• **INSTRUCTIONS FOR THE TASK**: Keep to one stretch of the data below, the lines from the one with "n \<le> (\<Sum>m<Suc" up to and including the one with "x = x\<^sup>2", and return that stretch exactly.

• **RECORDS FOR THIS TASK**:

————————

(* Let $c$ be $p$-homogeneous for some $p>0$, and let $m_i=\rho_i\,dx_i$ with $\rho_i$ $r_i$-homogeneous, $r_i\ge0$. Let $(\Phi_1,\dots,\Phi_N)$ maximize $\mathcal{BS}_{\alpha,m}$ over all admissible tuples (or over all admissible tuples of even functions), with $0<\mathcal{BS}_{\alpha,m}(\Phi_1,\dots,\Phi_N)<\infty$, and let $\mu_i=e^{-\alpha_i\Phi_i}m_i/\int e^{-\alpha_i\Phi_i}dm_i$. Then $$\sum_{i=1}^N\int\Phi_i\,d\mu_i=\sum_{i=1}^N\frac{n+r_i}{p\alpha_i},\qquad \sum_{i=1}^N\alpha_i\mathrm{Var}_{\mu_i}(\Phi_i)\le\sum_{i=1}^N\frac{n+r_i}{p\alpha_i}.$$ Moreover, if $\gamma$ is a probability measure on $(\mathbb{R}^n)^N$ with marginals $\mu_i$ such that $\sum_i\Phi_i(x_i)=c(x)$ for $\gamma$-a.e. $x$, then $\int c\,d\gamma=\sum_i\frac{n+r_i}{p\alpha_i}$ and $$\mathrm{Var}_\gamma(c)\le\Bigl(\sum_{i=1}^N\frac1{\alpha_i}\Bigr)\sum_{i=1}^N\alpha_i\mathrm{Var}_{\mu_i}(\Phi_i),$$ with equality if and only if $\alpha_i(\Phi_i(x_i)-\int\Phi_i d\mu_i)=\alpha_j(\Phi_j(x_j)-\int\Phi_jd\mu_j)$ for all $i,j$ and $\gamma$-a.e. $x$.
   Context: Points of $(\mathbb{R}^n)^N$ are $x=(x_1,\dots,x_N)$. $c$ is $p$-homogeneous if $c(tx)=t^pc(x)$ for all $t\ge0$, $x$. A density $\rho$ is $r$-homogeneous if $\rho(tx)=t^r\rho(x)$ for $t>0$. A tuple $(V_i)$, $V_i:\mathbb{R}^n\to(-\infty,+\infty]$, is admissible if $\sum_iV_i(x_i)\ge c(x)$ for all $x$. $\mathcal{BS}_{\alpha,m}(V_1,\dots,V_N)=\prod_i(\int e^{-\alpha_iV_i}dm_i)^{1/\alpha_i}$ with fixed $\alpha_i>0$. $\mathrm{Var}_\mu f=\int f^2d\mu-(\int fd\mu)^2$. *)

theory Defs
  imports "HOL-Analysis.Analysis" "HOL-Probability.Probability"
begin

text \<open>Points of (R^n)^N are modelled as \<open>real^'n^'k\<close>, with n = CARD('n), N = CARD('k);
  the i-th component x_i is \<open>x $ i\<close>.\<close>

definition homogeneous_cost :: "real \<Rightarrow> ('a::real_vector \<Rightarrow> real) \<Rightarrow> bool" where
  "homogeneous_cost p c \<longleftrightarrow> (\<forall>t x. t \<ge> 0 \<longrightarrow> c (t *\<^sub>R x) = t powr p * c x)"

definition homogeneous_density :: "real \<Rightarrow> ('a::real_vector \<Rightarrow> real) \<Rightarrow> bool" where
  "homogeneous_density r \<rho> \<longleftrightarrow> (\<forall>t x. t > 0 \<longrightarrow> \<rho> (t *\<^sub>R x) = t powr r * \<rho> x)"

definition admissible ::
  "(real^'n^'k \<Rightarrow> real) \<Rightarrow> ('k \<Rightarrow> real^'n \<Rightarrow> ereal) \<Rightarrow> bool" where
  "admissible c V \<longleftrightarrow> (\<forall>i x. V i x \<noteq> -\<infinity>) \<and>
     (\<forall>x. (\<Sum>i\<in>UNIV. V i (x $ i)) \<ge> ereal (c x))"

definition expneg :: "real \<Rightarrow> ereal \<Rightarrow> ennreal" where
  "expneg a v = (if v = \<infinity> then 0 else ennreal (exp (- a * real_of_ereal v)))"

definition enn_powr :: "ennreal \<Rightarrow> real \<Rightarrow> ennreal" where
  "enn_powr z a = (if z = \<infinity> then \<infinity> else ennreal (enn2real z powr a))"

definition BS :: "('k::finite \<Rightarrow> real) \<Rightarrow> ('k \<Rightarrow> 'a measure) \<Rightarrow> ('k \<Rightarrow> 'a \<Rightarrow> ereal) \<Rightarrow> ennreal" where
  "BS \<alpha> m V = (\<Prod>i\<in>UNIV. enn_powr (\<integral>\<^sup>+ x. expneg (\<alpha> i) (V i x) \<partial>m i) (1 / \<alpha> i))"

definition Var :: "'a measure \<Rightarrow> ('a \<Rightarrow> real) \<Rightarrow> real" where
  "Var M f = (\<integral>x. (f x)\<^sup>2 \<partial>M) - (\<integral>x. f x \<partial>M)\<^sup>2"

end

theory Submission
  imports Defs
begin

text \<open>
  Dilating a maximizer, \<open>\<Phi>\<^sub>i(x) \<mapsto> t^p \<Phi>\<^sub>i(x/t)\<close>, keeps it admissible since \<open>c\<close> is
  \<open>p\<close>-homogeneous, and since \<open>\<rho>\<^sub>i\<close> is \<open>r\<^sub>i\<close>-homogeneous it multiplies
  \<open>\<integral> exp(-\<alpha>\<^sub>i \<Phi>\<^sub>i) dm\<^sub>i\<close> by \<open>t^(n + r\<^sub>i)\<close> while replacing \<open>\<alpha>\<^sub>i\<close> by \<open>t^p \<alpha>\<^sub>i\<close>.
  With \<open>K = \<Sum>\<^sub>i (n + r\<^sub>i) / (p \<alpha>\<^sub>i)\<close>, maximality among the dilations thus reads
  \<open>\<Sum>\<^sub>i ln (\<integral> exp(-\<alpha>\<^sub>i h \<Phi>\<^sub>i) d\<mu>\<^sub>i) / \<alpha>\<^sub>i \<le> -K ln (1 + h)\<close> for all \<open>h > -1\<close>,
  with equality at \<open>h = 0\<close>. Comparing the first-order terms at \<open>h = 0\<close> gives
  \<open>\<Sum>\<^sub>i \<integral> \<Phi>\<^sub>i d\<mu>\<^sub>i = K\<close>, and comparing the second-order terms gives
  \<open>\<Sum>\<^sub>i \<alpha>\<^sub>i Var(\<Phi>\<^sub>i) \<le> K\<close> (variances under \<open>\<mu>\<^sub>i\<close>); Taylor bounds for \<open>exp\<close> and
  \<open>ln\<close> replace differentiation under the integral.
  The statements about a coupling \<open>\<gamma>\<close> follow by integrating the weighted
  Cauchy-Schwarz inequality \<open>(\<Sum>\<^sub>i y\<^sub>i)^2 \<le> (\<Sum>\<^sub>i 1/\<alpha>\<^sub>i) (\<Sum>\<^sub>i \<alpha>\<^sub>i y\<^sub>i^2)\<close>,
  an equality iff all \<open>\<alpha>\<^sub>i y\<^sub>i\<close> agree, for \<open>y\<^sub>i = \<Phi>\<^sub>i(x\<^sub>i) - \<integral> \<Phi>\<^sub>i d\<mu>\<^sub>i\<close>.
\<close>

lemma exp_ge_cubic_Taylor: "1 + y + y\<^sup>2 / 2 - \<bar>y\<bar> ^ 3 / 6 \<le> exp (y::real)"
proof -
  obtain t where "exp y = (\<Sum>m<4. y ^ m / fact m) + exp t / fact 4 * y ^ 4"
    using Maclaurin_exp_le[of y 4] by blast
  moreover have "(\<Sum>m<4. y ^ m / fact m) = 1 + y + y\<^sup>2 / 2 + y ^ 3 / 6"
    by (simp add: numeral_eq_Suc fact_numeral power2_eq_square power3_eq_cube)
  moreover have "0 \<le> exp t / fact 4 * y ^ 4"
    by (simp add: zero_le_even_power)
  moreover have "- (\<bar>y\<bar> ^ 3) \<le> y ^ 3"
    using abs_ge_minus_self[of "y ^ 3"] by (simp add: power_abs)
  ultimately show ?thesis by linarith
qed

lemma power_le_fact_mult_exp:
  fixes x :: real
  assumes "0 \<le> x"
  shows "x ^ n \<le> fact n * exp x"
proof -
  obtain t where "exp x = (\<Sum>m<Suc n. x ^ m / fact m) + exp t / fact (Suc n) * x ^ Suc n"
    using Maclaurin_exp_le[of x "Suc n"] by blast
  moreover have "x ^ n / fact n \<le> (\<Sum>m<Suc n. x ^ m / fact m)"
    using assms by (intro member_le_sum) auto
  moreover have "0 \<le> exp t / fact (Suc n) * x ^ Suc n"
    using assms by simp
  ultimately have "x ^ n / fact n \<le> exp x" by linarith
  then show ?thesis by (simp add: divide_le_eq mult.commute)
qed

lemma ln_one_plus_ge_quadratic:
  fixes h :: real
  assumes "0 \<le> h"
  shows "h - h\<^sup>2 / 2 \<le> ln (1 + h)"
proof -
  let ?f = "\<lambda>x::real. ln (1 + x) - x + x\<^sup>2 / 2"
  have "?f 0 \<le> ?f h"
  proof (rule DERIV_nonneg_imp_nondecreasing[OF assms])
    fix x :: real
    assume x: "0 \<le> x" "x \<le> h"
    have "DERIV ?f x :> 1 / (1 + x) - 1 + x"
      using x by (auto intro!: derivative_eq_intros)
    moreover have "1 / (1 + x) - 1 + x = x\<^sup>2 / (1 + x)"
      using x by (simp add: field_simps power2_eq_square)
    ultimately show "\<exists>y. DERIV ?f x :> y \<and> 0 \<le> y"
      using x by auto
  qed
  then show ?thesis by simp
qed

lemma ln_one_plus_ge:
  fixes u :: real
  assumes "-1/2 \<le> u"
  shows "u - 2 * u\<^sup>2 \<le> ln (1 + u)"
proof -
  have pos: "0 < 1 + u" using assms by simp
  have "ln (1 / (1 + u)) \<le> 1 / (1 + u) - 1"
    using pos by (intro ln_le_minus_one) simp
  then have "u / (1 + u) \<le> ln (1 + u)"
    using pos by (simp add: ln_div field_simps)
  moreover have "(u - 2 * u\<^sup>2) * (1 + u) \<le> u"
    using assms mult_nonneg_nonneg[of "u\<^sup>2" "1 + 2 * u"]
    by (simp add: algebra_simps power2_eq_square)
  then have "u - 2 * u\<^sup>2 \<le> u / (1 + u)"
    using pos by (simp add: field_simps)
  ultimately show ?thesis by linarith
qed

lemma ln_one_plus_cubic_ge:
  fixes A B h :: real
  assumes A: "0 \<le> A" and B: "0 \<le> B" and h: "0 < h" "h * (1 + 2 * B) < 1"
  shows "0 < 1 + (A * h\<^sup>2 - B * h ^ 3)"
    and "A * h\<^sup>2 - (B + 2 * (A + B)\<^sup>2) * h ^ 3 \<le> ln (1 + (A * h\<^sup>2 - B * h ^ 3))"
proof -
  define u where "u = A * h\<^sup>2 - B * h ^ 3"
  have "h + 2 * (B * h) < 1" "0 \<le> B * h"
    using h B by (simp_all add: algebra_simps)
  then have "h \<le> 1" "B * h \<le> 1/2"
    using h by linarith+
  then have "h ^ 3 \<le> h" "h ^ 3 \<le> h\<^sup>2" "h ^ 4 \<le> h ^ 3"
    using h power_decreasing[of 1 3 h] by (simp_all add: power_decreasing)
  then have "B * h ^ 3 \<le> B * h\<^sup>2" "B * h ^ 3 \<le> B * h"
    using B by (simp_all add: mult_left_mono)
  then have Bh: "0 \<le> B * h ^ 3" "B * h ^ 3 \<le> B * h\<^sup>2" "B * h ^ 3 \<le> 1/2"
    using B h \<open>B * h \<le> 1/2\<close> by simp_all
  have Ah: "0 \<le> A * h\<^sup>2"
    using A by simp
  show "0 < 1 + (A * h\<^sup>2 - B * h ^ 3)"
    using Ah Bh by linarith
  have "\<bar>u\<bar> \<le> (A + B) * h\<^sup>2"
    using Ah Bh unfolding u_def abs_le_iff distrib_right by (intro conjI) linarith+
  then have "u\<^sup>2 \<le> ((A + B) * h\<^sup>2)\<^sup>2"
    using abs_ge_zero[of u] by (subst power2_abs[symmetric]) (rule power_mono)
  also have "\<dots> = (A + B)\<^sup>2 * h ^ 4"
    by (simp add: power_mult_distrib flip: power_mult)
  also have "\<dots> \<le> (A + B)\<^sup>2 * h ^ 3"
    using \<open>h ^ 4 \<le> h ^ 3\<close> by (simp add: mult_left_mono)
  finally have "u\<^sup>2 \<le> (A + B)\<^sup>2 * h ^ 3" .
  moreover have "u - 2 * u\<^sup>2 \<le> ln (1 + u)"
    using Ah Bh by (intro ln_one_plus_ge) (simp add: u_def)
  ultimately show "A * h\<^sup>2 - (B + 2 * (A + B)\<^sup>2) * h ^ 3 \<le> ln (1 + (A * h\<^sup>2 - B * h ^ 3))"
    unfolding u_def by (simp add: algebra_simps)
qed

lemma le_of_eventually_le_add_linear:
  fixes x y C :: real
  assumes "eventually (\<lambda>e. x \<le> y + C * e) (at_right 0)"
  shows "x \<le> y"
proof (rule tendsto_le[of "at_right 0"])
  show "((\<lambda>e. y + C * e) \<longlongrightarrow> y) (at_right 0)"
    by (auto intro!: tendsto_eq_intros)
qed (use assms in simp_all)

lemma slope_eq_of_ln_one_plus_le:
  fixes K S :: real
  assumes "\<And>h. -1 < h \<Longrightarrow> K * ln (1 + h) \<le> S * h"
  shows "S = K"
proof -
  have "DERIV (\<lambda>h. S * h - K * ln (1 + h)) 0 :> S - K"
    by (auto intro!: derivative_eq_intros)
  moreover have "\<forall>h. \<bar>0 - h\<bar> < 1 \<longrightarrow> S * 0 - K * ln (1 + 0) \<le> S * h - K * ln (1 + h)"
    using assms by auto
  ultimately have "S - K = 0"
    by (rule DERIV_local_min[OF _ zero_less_one])
  then show ?thesis by simp
qed

lemma Lagrange_identity_weighted:
  fixes \<alpha> y :: "'i \<Rightarrow> real"
  assumes "\<And>i. i \<in> I \<Longrightarrow> \<alpha> i \<noteq> 0"
  shows "(\<Sum>i\<in>I. 1 / \<alpha> i) * (\<Sum>i\<in>I. \<alpha> i * (y i)\<^sup>2) - (\<Sum>i\<in>I. y i)\<^sup>2
       = (\<Sum>i\<in>I. \<Sum>j\<in>I. (\<alpha> i * y i - \<alpha> j * y j)\<^sup>2 / (\<alpha> i * \<alpha> j)) / 2"
proof -
  have "(\<Sum>i\<in>I. \<Sum>j\<in>I. (\<alpha> i * y i - \<alpha> j * y j)\<^sup>2 / (\<alpha> i * \<alpha> j))
      = (\<Sum>i\<in>I. \<Sum>j\<in>I. \<alpha> i * (y i)\<^sup>2 / \<alpha> j + \<alpha> j * (y j)\<^sup>2 / \<alpha> i - 2 * (y i * y j))"
    using assms by (intro sum.cong refl) (simp add: field_simps power2_eq_square)
  also have "\<dots> = (\<Sum>i\<in>I. \<Sum>j\<in>I. \<alpha> i * (y i)\<^sup>2 / \<alpha> j) + (\<Sum>i\<in>I. \<Sum>j\<in>I. \<alpha> j * (y j)\<^sup>2 / \<alpha> i)
      - 2 * (\<Sum>i\<in>I. \<Sum>j\<in>I. y i * y j)"
    by (simp only: sum.distrib sum_subtractf sum_distrib_left)
  also have "(\<Sum>i\<in>I. \<Sum>j\<in>I. \<alpha> j * (y j)\<^sup>2 / \<alpha> i) = (\<Sum>i\<in>I. \<Sum>j\<in>I. \<alpha> i * (y i)\<^sup>2 / \<alpha> j)"
    by (fact sum.swap[of "\<lambda>i j. \<alpha> j * (y j)\<^sup>2 / \<alpha> i" I I])
  also have "(\<Sum>i\<in>I. \<Sum>j\<in>I. \<alpha> i * (y i)\<^sup>2 / \<alpha> j) = (\<Sum>i\<in>I. \<alpha> i * (y i)\<^sup>2) * (\<Sum>i\<in>I. 1 / \<alpha> i)"
    by (simp add: sum_product)
  also have "(\<Sum>i\<in>I. \<Sum>j\<in>I. y i * y j) = (\<Sum>i\<in>I. y i)\<^sup>2"
    by (simp add: power2_eq_square sum_product)
  finally show ?thesis
    by (simp add: mult.commute)
qed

————————

• **ANSWER SECTION**:
  moreover have "x ^ n / fact n \<le> (\<Sum>m<Suc n. x ^ m / fact m)"
    using assms by (intro member_le_sum) auto
  moreover have "0 \<le> exp t / fact (Suc n) * x ^ Suc n"
    using assms by simp
  ultimately have "x ^ n / fact n \<le> exp x" by linarith
  then show ?thesis by (simp add: divide_le_eq mult.commute)
qed

lemma ln_one_plus_ge_quadratic:
  fixes h :: real
  assumes "0 \<le> h"
  shows "h - h\<^sup>2 / 2 \<le> ln (1 + h)"
proof -
  let ?f = "\<lambda>x::real. ln (1 + x) - x + x\<^sup>2 / 2"
  have "?f 0 \<le> ?f h"
  proof (rule DERIV_nonneg_imp_nondecreasing[OF assms])
    fix x :: real
    assume x: "0 \<le> x" "x \<le> h"
    have "DERIV ?f x :> 1 / (1 + x) - 1 + x"
      using x by (auto intro!: derivative_eq_intros)
    moreover have "1 / (1 + x) - 1 + x = x\<^sup>2 / (1 + x)"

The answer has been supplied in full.